本报记者 黄昉苨 《 中国青年报 》( 2014年09月24日   12 版)

    一个小小的骑象人待在一头庞大的、充满力量并且十分聪敏的大象身上,骑象人往往觉得自己在掌控全局,但事实上,人类思维的99%都是自发和无意识的过程。

    乔纳森·海特在发表演讲。

    与生俱来的道德之心,为什么会引着人类陷入坚信“我对你错”的分裂泥潭之中?

    当美国心理学家乔纳森·海特动手写自己最新著作的时候,他心里想到了遥远东方的孟子:“孟子真是一个天生的、出色的道德心理学家和哲学家。他理解,道德存在于我们的内心,需要被浇灌成长。”
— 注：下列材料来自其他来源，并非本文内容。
lemma sf_mult_elem_sym_Suc_path:
  "sf_mult (elem_sym (Suc k)) (chrom_sym (path_V n) path_E) \<alpha> =
     gen_fun (rooted_pairs n u (Suc k)) pair_weight \<alpha> + gen_fun (rooted_pairs n u k) (doubled_root_weight u) \<alpha>"
proof -
  let ?S = "path_colourings n \<times> {C. finite C \<and> card C = Suc k}"
  have "{p \<in> ?S. \<not> (\<lambda>(xs, C). xs ! u \<in> C) p} = rooted_pairs n u (Suc k)"
    by (auto simp: rooted_pairs_def)
  moreover have "bij_betw (\<lambda>(xs, C). (xs, C - {xs ! u})) {p \<in> ?S. (\<lambda>(xs, C). xs ! u \<in> C) p} (rooted_pairs n u k)"
    by (rule bij_betw_byWitness[where f' = "\<lambda>(xs, C). (xs, insert (xs ! u) C)"])
      (auto simp: rooted_pairs_def insert_absorb card_insert_if)
  then have "gen_fun (rooted_pairs n u k) (doubled_root_weight u) = gen_fun {p \<in> ?S. (\<lambda>(xs, C). xs ! u \<in> C) p} pair_weight"
  proof (rule gen_fun_bij_betw)
    fix p assume "p \<in> {p \<in> ?S. (\<lambda>(xs, C). xs ! u \<in> C) p}"
    then obtain xs C where p: "p = (xs, C)" and "finite C" "xs ! u \<in> C"
      by auto
    then show "doubled_root_weight u ((\<lambda>(xs, C). (xs, C - {xs ! u})) p) = pair_weight p"
      using monomial_of_set_remove[of C "xs ! u"]
      by (simp add: doubled_root_weight_def pair_weight_def add.assoc)
  qed
  ultimately show ?thesis
    using gen_fun_split[OF finite_fibres_path_sets, where \<alpha> = \<alpha> and P = "\<lambda>(xs, C). xs ! u \<in> C"]
    by (simp add: sf_mult_elem_sym_path add.commute)
qed

lemma successively_glue:
  assumes "ys \<noteq> []" "zs \<noteq> []" "last ys = hd zs"
  shows "successively (\<noteq>) (ys @ tl zs) \<longleftrightarrow> successively (\<noteq>) ys \<and> successively (\<noteq>) zs"
  using assms by (cases zs) (auto simp: successively_append_iff successively_Cons)

lemma take_drop_glue:
  assumes "length ys = Suc g" "zs \<noteq> []" "last ys = hd zs"
  shows "take (Suc g) (ys @ tl zs) = ys" and "drop g (ys @ tl zs) = zs" and "(ys @ tl zs) ! g = hd zs"
proof -
  have "ys \<noteq> []"
    using assms(1) by auto
  then have "drop g ys = [hd zs]"
    using assms Cons_nth_drop_Suc[of g ys] by (simp add: last_conv_nth)
  then show "take (Suc g) (ys @ tl zs) = ys" and "drop g (ys @ tl zs) = zs" and "(ys @ tl zs) ! g = hd zs"
    using assms by (simp_all add: nth_append hd_drop_conv_nth[symmetric])
qed

lemma glue_take_drop: "take (Suc g) xs @ tl (drop g xs) = xs"
  by (simp add: tl_drop flip: drop_Suc)

lemma glued_in_rooted_pairs:
  assumes "length ys = Suc g" "zs \<noteq> []" "last ys = hd zs"
  shows "(ys @ tl zs, C) \<in> rooted_pairs (g + h + 1) g k \<longleftrightarrow>
           (zs, C) \<in> rooted_pairs (h + 1) 0 k \<and> ys \<in> path_colourings (Suc g)"
proof -
  have "length (ys @ tl zs) = g + h + 1 \<longleftrightarrow> length zs = h + 1"
    using assms by (cases zs) auto
  moreover have "ys \<noteq> []"
    using assms(1) by auto
  ultimately show ?thesis
    using assms take_drop_glue(3)[OF assms]
    by (auto simp: rooted_pairs_def path_colourings_def successively_glue hd_conv_nth)
qed

lemma appended_in_rooted_pairs:
  assumes "length ys = Suc g"
  shows "(ys @ zs, C) \<in> rooted_pairs (Suc g + h + 1) (Suc g) k \<longleftrightarrow>
           (zs, C) \<in> rooted_pairs (h + 1) 0 k \<and> ys \<in> path_colourings (Suc g) \<and> last ys \<noteq> hd zs"
proof (cases "zs = []")
  case True
  then show ?thesis
    using assms by (simp add: rooted_pairs_def path_colourings_def)
next
  case False
  moreover have "ys \<noteq> []"
    using assms by auto
  ultimately show ?thesis
    using assms by (auto simp: rooted_pairs_def path_colourings_def successively_append_iff nth_append hd_conv_nth)
qed

lemma bij_betw_glue:
  "bij_betw (\<lambda>((zs, C), ys). (ys @ tl zs, C))
     {((zs, C), ys). (zs, C) \<in> rooted_pairs (h + 1) 0 k \<and> ys \<in> path_colourings (Suc g) \<and> last ys = hd zs}
     (rooted_pairs (g + h + 1) g k)"
    (is "bij_betw ?f ?G _")
proof (rule bij_betw_byWitness[where f' = "\<lambda>(xs, C). ((drop g xs, C), take (Suc g) xs)"])
  have member: "length ys = Suc g \<and> zs \<noteq> [] \<and> last ys = hd zs" if "((zs, C), ys) \<in> ?G" for zs C ys
    using that by (auto simp: rooted_pairs_def path_colourings_def)
  show "\<forall>p\<in>?G. (\<lambda>(xs, C). ((drop g xs, C), take (Suc g) xs)) (?f p) = p"
    using member take_drop_glue by fastforce
  show "\<forall>q\<in>rooted_pairs (g + h + 1) g k. ?f ((\<lambda>(xs, C). ((drop g xs, C), take (Suc g) xs)) q) = q"
    by (auto simp: glue_take_drop)
  show "?f ` ?G \<subseteq> rooted_pairs (g + h + 1) g k"
    using member glued_in_rooted_pairs by fastforce
  show "(\<lambda>(xs, C). ((drop g xs, C), take (Suc g) xs)) ` rooted_pairs (g + h + 1) g k \<subseteq> ?G"
  proof (rule image_subsetI)
    fix q assume q: "q \<in> rooted_pairs (g + h + 1) g k"
    obtain xs C where q_eq: "q = (xs, C)" and "length xs = g + h + 1"
      using q by (auto simp: rooted_pairs_def path_colourings_def)
    then have "length (take (Suc g) xs) = Suc g" "drop g xs \<noteq> []" "last (take (Suc g) xs) = hd (drop g xs)"
      by (simp_all add: take_Suc_conv_app_nth hd_drop_conv_nth)
    with q show "(\<lambda>(xs, C). ((drop g xs, C), take (Suc g) xs)) q \<in> ?G"
      using glued_in_rooted_pairs[of "take (Suc g) xs" g "drop g xs" C h k] by (simp add: q_eq glue_take_drop)
  qed
qed

lemma bij_betw_append:
  "bij_betw (\<lambda>((zs, C), ys). (ys @ zs, C))
     {((zs, C), ys). (zs, C) \<in> rooted_pairs (h + 1) 0 k \<and> ys \<in> path_colourings (Suc g) \<and> last ys \<noteq> hd zs}
     (rooted_pairs (Suc g + h + 1) (Suc g) k)"
    (is "bij_betw ?f ?A _")
proof (rule bij_betw_byWitness[where f' = "\<lambda>(xs, C). ((drop (Suc g) xs, C), take (Suc g) xs)"])
  have member: "length ys = Suc g" if "((zs, C), ys) \<in> ?A" for zs C ys
    using that by (auto simp: path_colourings_def)
  show "\<forall>p\<in>?A. (\<lambda>(xs, C). ((drop (Suc g) xs, C), take (Suc g) xs)) (?f p) = p"
    using member by fastforce
  show "\<forall>q\<in>rooted_pairs (Suc g + h + 1) (Suc g) k. ?f ((\<lambda>(xs, C). ((drop (Suc g) xs, C), take (Suc g) xs)) q) = q"
    by auto
  show "?f ` ?A \<subseteq> rooted_pairs (Suc g + h + 1) (Suc g) k"
    using member appended_in_rooted_pairs by fastforce
  show "(\<lambda>(xs, C). ((drop (Suc g) xs, C), take (Suc g) xs)) ` rooted_pairs (Suc g + h + 1) (Suc g) k \<subseteq> ?A"
  proof (rule image_subsetI)
    fix q assume q: "q \<in> rooted_pairs (Suc g + h + 1) (Suc g) k"
    obtain xs C where q_eq: "q = (xs, C)" and "length xs = Suc g + h + 1"
      using q by (auto simp: rooted_pairs_def path_colourings_def)
    then have "length (take (Suc g) xs) = Suc g"
      by simp
    with q show "(\<lambda>(xs, C). ((drop (Suc g) xs, C), take (Suc g) xs)) q \<in> ?A"
      using appended_in_rooted_pairs[of "take (Suc g) xs" g "drop (Suc g) xs" C h k] by (simp add: q_eq)
  qed
qed

lemma sf_mult_rooted_pairs_path:
  "sf_mult (gen_fun (rooted_pairs (h + 1) 0 k) pair_weight) (chrom_sym (path_V (Suc g)) path_E) \<alpha> =
     gen_fun (rooted_pairs (g + h + 1) g k) (doubled_root_weight g) \<alpha> +
     gen_fun (rooted_pairs (Suc g + h + 1) (Suc g) k) pair_weight \<alpha>"
proof -
  let ?S = "rooted_pairs (h + 1) 0 k \<times> path_colourings (Suc g)"
  let ?w = "\<lambda>(r, ys). pair_weight r + monomial_of_list ys"
  let ?glued = "\<lambda>((zs, C), ys). last ys = hd zs"
  have glued_set: "{p \<in> ?S. ?glued p} =
      {((zs, C), ys). (zs, C) \<in> rooted_pairs (h + 1) 0 k \<and> ys \<in> path_colourings (Suc g) \<and> last ys = hd zs}"
    by auto
  have appended_set: "{p \<in> ?S. \<not> ?glued p} =
      {((zs, C), ys). (zs, C) \<in> rooted_pairs (h + 1) 0 k \<and> ys \<in> path_colourings (Suc g) \<and> last ys \<noteq> hd zs}"
    by auto
  have glued: "gen_fun (rooted_pairs (g + h + 1) g k) (doubled_root_weight g) = gen_fun {p \<in> ?S. ?glued p} ?w"
    unfolding glued_set
  proof (rule gen_fun_bij_betw[OF bij_betw_glue])
    fix p
    assume "p \<in> {((zs, C), ys). (zs, C) \<in> rooted_pairs (h + 1) 0 k \<and> ys \<in> path_colourings (Suc g) \<and> last ys = hd zs}"
    then obtain zs C ys where p: "p = ((zs, C), ys)" and ys: "length ys = Suc g"
      and zs: "length zs = Suc h" and glue: "last ys = hd zs"
      by (auto simp: rooted_pairs_def path_colourings_def)
    then have "zs \<noteq> []"
      by auto
    then have "monomial_of_list zs = Poly_Mapping.single (hd zs) 1 + monomial_of_list (tl zs)"
      by (cases zs) simp_all
    then show "doubled_root_weight g ((\<lambda>((zs, C), ys). (ys @ tl zs, C)) p) = ?w p"
      using take_drop_glue(3)[OF ys \<open>zs \<noteq> []\<close> glue] p
      by (simp add: doubled_root_weight_def pair_weight_def ac_simps)
  qed
  have appended: "gen_fun (rooted_pairs (Suc g + h + 1) (Suc g) k) pair_weight = gen_fun {p \<in> ?S. \<not> ?glued p} ?w"
    unfolding appended_set
    by (rule gen_fun_bij_betw[OF bij_betw_append]) (auto simp: pair_weight_def ac_simps)
  have "sf_mult (gen_fun (rooted_pairs (h + 1) 0 k) pair_weight) (chrom_sym (path_V (Suc g)) path_E) = gen_fun ?S ?w"
    unfolding chrom_sym_path
    by (rule sf_mult_gen_fun[OF finite_fibres_rooted_pairs finite_fibres_path_colourings])
  moreover have "finite_fibres ?S ?w"
    by (rule finite_fibres_Times[OF finite_fibres_rooted_pairs finite_fibres_path_colourings])
  ultimately show ?thesis
    unfolding glued appended by (simp add: gen_fun_split)
qed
    没错,道德!心理学界的最新发现是,这是一种实际存在的东西。

    “乔纳森·海特应该算是第三代道德心理学的领军人物。第一代心理学家把道德当作‘超我’控制‘本我’的工具,第二代人从教育的角度讲述道德如何形成,我们这批人是第三代。”与海特相识十余年的原加州大学伯克利分校心理学系终身教授、清华大学心理学系主任彭凯平告诉中国青年报记者,“与哲学家在书斋中思考不同,心理学家是要做实验的,有数据,有证据,有误差,有统计……”
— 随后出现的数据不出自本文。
text \<open>A solution of (G_0) with this data is a finite function g \<ge> 0 with g x0 = 0,
  g x - g y \<le> d(x,y), and global slope \<ge> 1 away from x0; d(\<cdot>,x0) is one of them.
  If X is complete, Ekeland's variational principle applied to g with a constant \<lambda> < 1 produces
  a point that no other point undercuts by \<lambda> times the distance; slope \<ge> 1 forces this point
  to be x0, whence g \<ge> \<lambda> d(\<cdot>,x0) for all \<lambda> < 1, and so g = d(\<cdot>,x0).
  If X is not complete, a non-convergent Cauchy sequence s defines h x = lim d(x, s n) > 0, the
  distance to the missing limit point, and min (d(\<cdot>,x0)) h is a second solution.\<close>

lemma global_slope_ereal:
  fixes g :: "'a::metric_space \<Rightarrow> real"
  shows "global_slope (\<lambda>x. ereal (g x)) x =
    Sup (insert 0 ((\<lambda>y. ereal (max (g x - g y) 0 / dist x y)) ` {y. y \<noteq> x}))"
proof -
  have "max (ereal (g x) - ereal (g y)) 0 / ereal (dist x y) = ereal (max (g x - g y) 0 / dist x y)"
    if "y \<noteq> x" for y
    using that by (simp add: max_def)
  then have "{max (ereal (g x) - ereal (g y)) 0 / ereal (dist x y) | y. y \<noteq> x}
      = (\<lambda>y. ereal (max (g x - g y) 0 / dist x y)) ` {y. y \<noteq> x}"
    unfolding setcompr_eq_image by (intro image_cong) auto
  then show ?thesis
    unfolding global_slope_def by simp
qed

lemma global_slope_nonneg: "0 \<le> global_slope u x"
  unfolding global_slope_def by (simp add: Sup_upper)

lemma global_slope_le_iff:
  fixes g :: "'a::metric_space \<Rightarrow> real"
  assumes "0 \<le> c"
  shows "global_slope (\<lambda>x. ereal (g x)) x \<le> ereal c \<longleftrightarrow> (\<forall>y. g x - g y \<le> c * dist x y)"
proof -
  have "ereal (max (g x - g y) 0 / dist x y) \<le> ereal c \<longleftrightarrow> g x - g y \<le> c * dist x y"
    if "y \<noteq> x" for y
    using that assms by (auto simp: divide_le_eq mult.commute)
  then show ?thesis
    using assms unfolding global_slope_ereal Sup_le_iff by force
qed

lemma less_global_slope_iff:
  fixes g :: "'a::metric_space \<Rightarrow> real"
  assumes "0 \<le> c"
  shows "ereal c < global_slope (\<lambda>x. ereal (g x)) x \<longleftrightarrow> (\<exists>y. y \<noteq> x \<and> c * dist x y < g x - g y)"
proof -
  have "ereal c < ereal (max (g x - g y) 0 / dist x y) \<longleftrightarrow> c * dist x y < g x - g y"
    if "y \<noteq> x" for y
  proof -
    have "0 \<le> c * dist x y"
      using assms by simp
    then show ?thesis
      using that by (auto simp: less_divide_eq mult.commute max_def)
  qed
  then show ?thesis
    using assms unfolding global_slope_ereal less_Sup_iff by force
qed

lemma one_le_global_slope_iff:
  fixes g :: "'a::metric_space \<Rightarrow> real"
  shows "1 \<le> global_slope (\<lambda>x. ereal (g x)) x \<longleftrightarrow>
    (\<forall>lam. 0 < lam \<longrightarrow> lam < 1 \<longrightarrow> (\<exists>y. y \<noteq> x \<and> lam * dist x y < g x - g y))"
  (is "?lhs \<longleftrightarrow> ?rhs")
proof
  assume ?lhs
  then show ?rhs
    using less_global_slope_iff by (metis ereal_less(3) less_eq_real_def less_le_trans)
next
  assume ?rhs
  show ?lhs
  proof (rule dense_le_bounded[of 0 1])
    fix w :: ereal
    assume "0 < w" "w < 1"
    then obtain lam where "w = ereal lam" "0 < lam" "lam < 1"
      by (cases w) auto
    with \<open>?rhs\<close> show "w \<le> global_slope (\<lambda>x. ereal (g x)) x"
      using less_global_slope_iff[of lam g x] by auto
  qed simp
qed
    大量实验的结果印证了孟子的一句格言。在海特最新的著作里,他尝试着把道德的特征描摹出来:道德不光会生长,还是有味道的。就像孟子在2600年前说过的那样:“故理义之悦我心,犹刍豢之悦我口。”

    理义对于心灵而言就像好吃的肉,这一块道理有牛肉的质感,那一块准则是羊肉的口味。而喜欢牛肉与喜欢羊肉的两大阵营可能出现拉锯战,大抵就像中国的甜咸粽党之争一样不共戴天——真不是开玩笑,这是人类与生俱来的特点,可能发生在世界上的“所有正义的群体中,每一个正义的心灵中”。
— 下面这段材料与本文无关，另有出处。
(* Let $\rho\in(0,1)$ and $\sigma_x<\sigma_y$. Let $r>0$ and $\theta\in[\theta_M,\frac{5\pi}{4}]$, and let $\mathbf a=(x_1,y_1)=(x_2^*+r\cos\theta,\,x_2^*+r\sin\theta)$. If $\mathbf a\neq\mathbf a^*$ and $x_1^2+y_1^2>2x_2^{*2}$, then $K(\mathbf a,\mathbf b^* )>0$.
   Context: Standing setup. Fix $\sigma_x,\sigma_y>0$ and $\rho\in(-1,1)$, and let $(\xi,\eta)$ be a bivariate normal random vector with mean $(0,0)$ and covariance matrix $\Sigma=\begin{pmatrix}\sigma_x^2&\rho\sigma_x\sigma_y\\ \rho\sigma_x\sigma_y&\sigma_y^2\end{pmatrix}$. Player I (the minimizer) chooses $\mathbf a=(x_1,y_1)\in\mathbb R^2$ and Player II (the maximizer) chooses $\mathbf b=(x_2,y_2)\in\mathbb R^2$. Let $C_1(\mathbf a,\mathbf b)=\{(x,y):(x_1-x)^2+(y_1-y)^2<(x_2-x)^2+(y_2-y)^2\}$ and $C_2(\mathbf a,\mathbf b)=\{(x,y):(x_1-x)^2+(y_1-y)^2>(x_2-x)^2+(y_2-y)^2\}$. The payoff to Player II (paid by Player I) is $K(\mathbf a,\mathbf b)=x_1+y_1$ if $\mathbf a=\mathbf b$, and $K(\mathbf a,\mathbf b)=(x_1+y_1)\,P((\xi,\eta)\in C_1(\mathbf a,\mathbf b))+(x_2+y_2)\,P((\xi,\eta)\in C_2(\mathbf a,\mathbf b))$ if $\mathbf a\neq\mathbf b$. For $\mathbf a=(x,y)$ write $-\mathbf a=(-x,-y)$. Let $x_2^*=\frac{\sqrt{2\pi(\sigma_x^2+2\rho\sigma_x\sigma_y+\sigma_y^2)}}{4}$, $\mathbf b^*=(x_2^*,x_2^* )$ and $\mathbf a^*=(-x_2^*,-x_2^* )$. With $c=\frac{\sigma_y^2-\sigma_x^2}{2\rho\sigma_x\sigma_y}$, $\theta_M$ denotes the unique angle in $(\pi/2,\pi)$ with $\tan\theta_M=c-\sqrt{c^2+1}$. *)

theory Defs
  imports "HOL-Analysis.Analysis"
begin

definition bvn_density :: "real \<Rightarrow> real \<Rightarrow> real \<Rightarrow> real \<times> real \<Rightarrow> real" where
  "bvn_density sx sy rho p =
     (let x = fst p; y = snd p in
      exp (- (x\<^sup>2 / sx\<^sup>2 - 2 * rho * x * y / (sx * sy) + y\<^sup>2 / sy\<^sup>2) / (2 * (1 - rho\<^sup>2)))
      / (2 * pi * sx * sy * sqrt (1 - rho\<^sup>2)))"

definition bvn :: "real \<Rightarrow> real \<Rightarrow> real \<Rightarrow> (real \<times> real) measure" where
  "bvn sx sy rho = density lborel (\<lambda>p. ennreal (bvn_density sx sy rho p))"

definition C1 :: "real \<times> real \<Rightarrow> real \<times> real \<Rightarrow> (real \<times> real) set" where
  "C1 a b = {(x, y). (fst a - x)\<^sup>2 + (snd a - y)\<^sup>2 < (fst b - x)\<^sup>2 + (snd b - y)\<^sup>2}"

definition C2 :: "real \<times> real \<Rightarrow> real \<times> real \<Rightarrow> (real \<times> real) set" where
  "C2 a b = {(x, y). (fst a - x)\<^sup>2 + (snd a - y)\<^sup>2 > (fst b - x)\<^sup>2 + (snd b - y)\<^sup>2}"

text \<open>Payoff to Player II.\<close>
definition K :: "real \<Rightarrow> real \<Rightarrow> real \<Rightarrow> real \<times> real \<Rightarrow> real \<times> real \<Rightarrow> real" where
  "K sx sy rho a b =
     (if a = b then fst a + snd a
      else (fst a + snd a) * measure (bvn sx sy rho) (C1 a b)
         + (fst b + snd b) * measure (bvn sx sy rho) (C2 a b))"

definition x2star :: "real \<Rightarrow> real \<Rightarrow> real \<Rightarrow> real" where
  "x2star sx sy rho = sqrt (2 * pi * (sx\<^sup>2 + 2 * rho * sx * sy + sy\<^sup>2)) / 4"

definition bstar :: "real \<Rightarrow> real \<Rightarrow> real \<Rightarrow> real \<times> real" where
  "bstar sx sy rho = (x2star sx sy rho, x2star sx sy rho)"

definition astar :: "real \<Rightarrow> real \<Rightarrow> real \<Rightarrow> real \<times> real" where
  "astar sx sy rho = (- x2star sx sy rho, - x2star sx sy rho)"

definition cpar :: "real \<Rightarrow> real \<Rightarrow> real \<Rightarrow> real" where
  "cpar sx sy rho = (sy\<^sup>2 - sx\<^sup>2) / (2 * rho * sx * sy)"

definition thetaM :: "real \<Rightarrow> real \<Rightarrow> real \<Rightarrow> real" where
  "thetaM sx sy rho = (THE t. pi / 2 < t \<and> t < pi \<and>
      tan t = cpar sx sy rho - sqrt ((cpar sx sy rho)\<^sup>2 + 1))"

end

theory Submission
  imports Defs "HOL-Probability.Probability" "HOL-Real_Asymp.Real_Asymp"
begin

text \<open>Write a = b* + d and s = x2*. The cell C1(a, b*) is the half-plane of points p with
  d \<bullet> p > e, where e = (|a|^2 - 2 s^2) / 2, and d1 \<xi> + d2 \<eta> is centred normal with variance
  \<sigma>^2 = d' \<Sigma> d; hence K(a, b*) = 2 s - m Q(e / \<sigma>) with m = -(d1 + d2) and Q the standard
  normal tail. For directions of d with angle in [\<theta>_M, 5\<pi>/4] one has \<sigma>^2 \<le> |d|^2 V / 2,
  V = Var(\<xi> + \<eta>), and the bound (sqrt \<pi> + sqrt 2 u) Q(u) < sqrt \<pi> / 2 for u > 0, which follows
  from Mills' ratio and a monotonicity argument, turns into m Q(e / \<sigma>) < 2 s precisely because
  s = sqrt (2 \<pi> V) / 4.\<close>

lemma normal_density_scale:
  assumes "a \<noteq> 0" "s > 0"
  shows "\<bar>a\<bar> * normal_density 0 (\<bar>a\<bar> * s) (a * x) = normal_density 0 s x"
  using assms by (simp add: normal_density_def real_sqrt_mult power_mult_distrib field_simps)

lemma nn_integral_normal_density_scale:
  fixes g :: "real \<Rightarrow> real"
  assumes a: "a \<noteq> 0" and s: "s > 0"
    and [measurable]: "g \<in> borel_measurable borel" and g_nonneg: "\<And>x. g x \<ge> 0"
  shows "(\<integral>\<^sup>+x. ennreal (normal_density 0 s x * g (a * x)) \<partial>lborel)
       = (\<integral>\<^sup>+z. ennreal (normal_density 0 (\<bar>a\<bar> * s) z * g z) \<partial>lborel)"
proof -
  have "(\<integral>\<^sup>+z. ennreal (normal_density 0 (\<bar>a\<bar> * s) z * g z) \<partial>lborel)
      = \<bar>a\<bar> * (\<integral>\<^sup>+x. ennreal (normal_density 0 (\<bar>a\<bar> * s) (0 + a * x) * g (0 + a * x)) \<partial>lborel)"
    by (rule nn_integral_real_affine) (use a in auto)
  also have "\<dots> = (\<integral>\<^sup>+x. ennreal \<bar>a\<bar> * ennreal (normal_density 0 (\<bar>a\<bar> * s) (a * x) * g (a * x)) \<partial>lborel)"
    by (subst nn_integral_cmult) auto
  also have "\<dots> = (\<integral>\<^sup>+x. ennreal (normal_density 0 s x * g (a * x)) \<partial>lborel)"
    using g_nonneg normal_density_scale[OF a s]
    by (intro nn_integral_cong) (auto simp: mult.assoc[symmetric] simp flip: ennreal_mult)
  finally show ?thesis ..
qed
    就像网络上总会爆发舆论大战,现实生活中,每个国家不同政见、不同宗教、不同族裔的群体之间,也总有调停不息的矛盾。这事儿看上去如此无解,以至于海特发出了这样的疑问:“我们还能好好相处吗?”

    他的新书名为《正义之心》,副标题是:人们为什么总是觉得“我对你错”?

    读了这本著作之后,人民大学哲学系副教授周濂冒出这样的念头:“也许,比起公共说理训练,我们应该把更多注意力放在情感教育和直觉塑造上。”

    “海特的研究其实就是说明了,道德不是一种抽象的概念或者说教,而是有形的、确实存在的。”在清华的办公室里,彭凯平摇着头说,“但在国内,意识到这一点的人还不多。”

    “请判断故事里的人是否做了不道德的事”

    海特的第一个心理学实验,是从一堆堪称奇葩的提问开始的。“请判断故事里的人是否做了不道德的事”,比如:

    有一户人家的狗在家门口被撞死了。他们听说狗肉很香,所以就切碎了狗的尸体,煮了当晚饭。没人看到他们所做的这一切。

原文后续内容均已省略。